The extent of that impact will not be known until the initiatives are fully 
implemented. These initiatives are designed to encourage and accelerate the 
development of competition in the telecommunications industry by removing 
legal barriers to competition across major industry segments. Under the 
initiatives, companies that were historically limited to providing service 
within one or more of those segments, including local exchange, long 
distance, wireless, cable television and information services, can enter 
other segments to compete with the incumbent providers and other new entrants 
after meeting certain regulatory requirements.

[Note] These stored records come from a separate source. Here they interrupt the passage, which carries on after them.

(* Let $n,p$ be positive integers such that $p$ is odd and $n$ and $n+p$ are relatively prime. Let $\gamma_{n,p}(t)=(\sin(nt),\sin((n+p)t))$, $t_k=\frac{2\pi k}{4n(n+p)}$, and $\mathrm{Lisa}_{n,p}=\{\gamma_{n,p}(t_k): k=1,\ldots,4n(n+p)\}$. For $\mathcal{A}\in\mathrm{Lisa}_{n,p}$ set $w_{\mathcal{A}}=\frac{1}{4n(n+p)}$ if $\mathcal{A}$ lies on the boundary of the square $[-1,1]^2$ and $w_{\mathcal{A}}=\frac{2}{4n(n+p)}$ if $\mathcal{A}$ lies in the interior of $[-1,1]^2$. Then for all $P\in\Pi^Q_{n,p}$, \[ \frac{1}{\pi^2}\int_{-1}^1\int_{-1}^1 P(x,y)\frac{1}{\sqrt{1-x^2}}\frac{1}{\sqrt{1-y^2}}\,dx\,dy=\sum_{\mathcal{A}\in\mathrm{Lisa}_{n,p}} w_{\mathcal{A}}P(\mathcal{A}). \]
   Context: $T_i(x)=\cos(i\arccos x)$ is the Chebyshev polynomial of the first kind of degree $i$. The index set is $\Gamma^Q_{n,p}=\{(i,j)\in\mathbb{N}_0^2: i+j\le 4n-1\}\cup\bigcup_{m=0}^{4p-1}\{(i,j)\in\mathbb{N}_0^2: i+j=4n+m,\ j<\frac{n(4p-m)}{p}\}$, and $\Pi^Q_{n,p}=\operatorname{span}\{T_i(x)T_j(y):(i,j)\in\Gamma^Q_{n,p}\}$. *)

theory Defs
  imports "HOL-Analysis.Analysis"
begin

definition cheb :: "nat \<Rightarrow> real \<Rightarrow> real" where
  "cheb i x = cos (real i * arccos x)"

definition GammaQ :: "nat \<Rightarrow> nat \<Rightarrow> (nat \<times> nat) set" where
  "GammaQ n p = {(i, j). i + j \<le> 4 * n - 1}
     \<union> (\<Union>m\<in>{..<4 * p}. {(i, j). i + j = 4 * n + m
                                \<and> real j < real n * (4 * real p - real m) / real p})"

definition PiQ :: "nat \<Rightarrow> nat \<Rightarrow> (real \<times> real \<Rightarrow> real) set" where
  "PiQ n p = {P. \<exists>c :: nat \<times> nat \<Rightarrow> real.
      P = (\<lambda>(x, y). \<Sum>(i, j)\<in>GammaQ n p. c (i, j) * cheb i x * cheb j y)}"

definition lissajous :: "nat \<Rightarrow> nat \<Rightarrow> real \<Rightarrow> real \<times> real" where
  "lissajous n p t = (sin (real n * t), sin (real (n + p) * t))"

definition Lisa :: "nat \<Rightarrow> nat \<Rightarrow> (real \<times> real) set" where
  "Lisa n p = {lissajous n p (2 * pi * real k / real (4 * n * (n + p))) | k.
                 k \<in> {1..4 * n * (n + p)}}"

definition lisa_weight :: "nat \<Rightarrow> nat \<Rightarrow> real \<times> real \<Rightarrow> real" where
  "lisa_weight n p A =
     (if \<bar>fst A\<bar> < 1 \<and> \<bar>snd A\<bar> < 1 then 2 / real (4 * n * (n + p))
      else 1 / real (4 * n * (n + p)))"
lemma mu_eq_rev_moment:
  assumes i: "1 \<le> i"
  shows "mu i = 2 * real i - rev_moment 1 i"
proof -
  have "mu i = (\<Sum>j<i. 2 * real i * p_closed i j - (real i - real j) * p_closed i j)"
    unfolding mu_def sum_p_eq_sum_p_closed[OF i, of "\<lambda>r q. real r * q"]
    by (intro sum.cong refl) (simp add: algebra_simps)
  also have "\<dots> = 2 * real i * rev_moment 0 i - rev_moment 1 i"
    unfolding rev_moment_def by (simp add: sum_subtractf sum_distrib_left)
  finally show ?thesis
    using rev_moment_0[OF i] by simp
qed

text \<open>Since \<open>X\<^sub>i - \<mu>\<^sub>i = E (2 i - X\<^sub>i) - (2 i - X\<^sub>i)\<close>, central moments are binomial
  combinations of the moments of \<open>2 i - X\<^sub>i\<close>.\<close>

lemma central_moment_eq:
  assumes i: "1 \<le> i"
  shows "central_moment k i = (\<Sum>t\<le>k. real (k choose t) * (-1) ^ t * rev_moment 1 i ^ (k - t) * rev_moment t i)"
proof -
  have "central_moment k i = (\<Sum>j<i. ((-1) * (real i - real j) + rev_moment 1 i) ^ k * p_closed i j)"
    unfolding central_moment_def sum_p_eq_sum_p_closed[OF i, of "\<lambda>r q. (real r - mu i) ^ k * q"]
    by (simp add: mu_eq_rev_moment[OF i] algebra_simps)
  also have "\<dots> = (\<Sum>j<i. \<Sum>t\<le>k. real (k choose t) * (-1) ^ t * rev_moment 1 i ^ (k - t) * ((real i - real j) ^ t * p_closed i j))"
    unfolding binomial_ring power_mult_distrib sum_distrib_right by (simp only: mult_ac)
  also have "\<dots> = (\<Sum>t\<le>k. real (k choose t) * (-1) ^ t * rev_moment 1 i ^ (k - t) * rev_moment t i)"
    unfolding rev_moment_def by (subst sum.swap) (simp add: sum_distrib_left)
  finally show ?thesis .
qed

definition central_moment_limit :: "nat \<Rightarrow> real" where
  "central_moment_limit k =
    (\<Sum>t\<le>k. real (k choose t) * (-1) ^ t * rev_moment_limit 1 ^ (k - t) * rev_moment_limit t)"

lemma central_moment_tendsto:
  assumes k: "k \<le> 6"
  shows "(\<lambda>i. central_moment k i / sqrt (real i) ^ k) \<longlonglongrightarrow> central_moment_limit k"
proof -
  have "(\<lambda>i. \<Sum>t\<le>k. real (k choose t) * (-1) ^ t * (rev_moment 1 i / sqrt (real i) ^ 1) ^ (k - t)
      * (rev_moment t i / sqrt (real i) ^ t)) \<longlonglongrightarrow> central_moment_limit k"
    unfolding central_moment_limit_def using k by (intro tendsto_intros rev_moment_tendsto_limit) auto
  moreover have "\<forall>\<^sub>F i in sequentially. (\<Sum>t\<le>k. real (k choose t) * (-1) ^ t * (rev_moment 1 i / sqrt (real i) ^ 1) ^ (k - t)
      * (rev_moment t i / sqrt (real i) ^ t)) = central_moment k i / sqrt (real i) ^ k"
    using eventually_ge_at_top[of 1]
  proof eventually_elim
    case (elim i)
    have "sqrt (real i) ^ k = sqrt (real i) ^ (k - t) * sqrt (real i) ^ t" if "t \<le> k" for t
      using that by (simp flip: power_add)
    then show ?case
      unfolding central_moment_eq[OF elim] sum_divide_distrib using elim
      by (intro sum.cong refl) (simp add: power_divide)
  qed
  ultimately show ?thesis
    by (simp add: tendsto_cong)
qed

lemma sqrt_pi_mult_self: "sqrt pi * sqrt pi = pi" "sqrt pi * (sqrt pi * x) = pi * x"
  by (simp_all add: mult.assoc[symmetric])

lemma central_moment_limit_eq:
  "central_moment_limit 2 = 2 * (3 * pi - 8) / pi"
  "central_moment_limit 3 = 8 * (5 * pi - 16) / (pi * sqrt pi)"
  "central_moment_limit 4 = 4 * (15 * pi ^ 2 + 16 * pi - 192) / pi ^ 2"
  "central_moment_limit 5 = 16 * (51 * pi ^ 2 - 80 * pi - 256) / (pi ^ 2 * sqrt pi)"
  "central_moment_limit 6 = 8 * (105 * pi ^ 3 + 648 * pi ^ 2 - 2240 * pi - 2560) / pi ^ 3"
  unfolding central_moment_limit_def rev_moment_limit_def
  by (simp_all add: eval_nat_numeral field_simps sqrt_pi_mult_self)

     Federal - In July 1997 the U.S. Court of Appeals for the Eighth Circuit 
issued a decision stating that certain FCC rules governing local competition 
exceeded the FCC's authority under the Telecommunications Act of 1996 in 
several areas.  On January 25, 1999, the U.S. Supreme Court overturned the 
U.S. Court of Appeals decision and reinstated the FCC's rules related to 
local competition. While the FCC now has the ability to pre-empt a state's 
rules when they are inconsistent with the FCC's, Ohio and Kentucky have both 
followed the FCC's rules in most circumstances.  The "pick and choose" 
provision will likely move Cincinnati Bell Telephone in the future to a 
single set of contractual provisions for all interconnectors.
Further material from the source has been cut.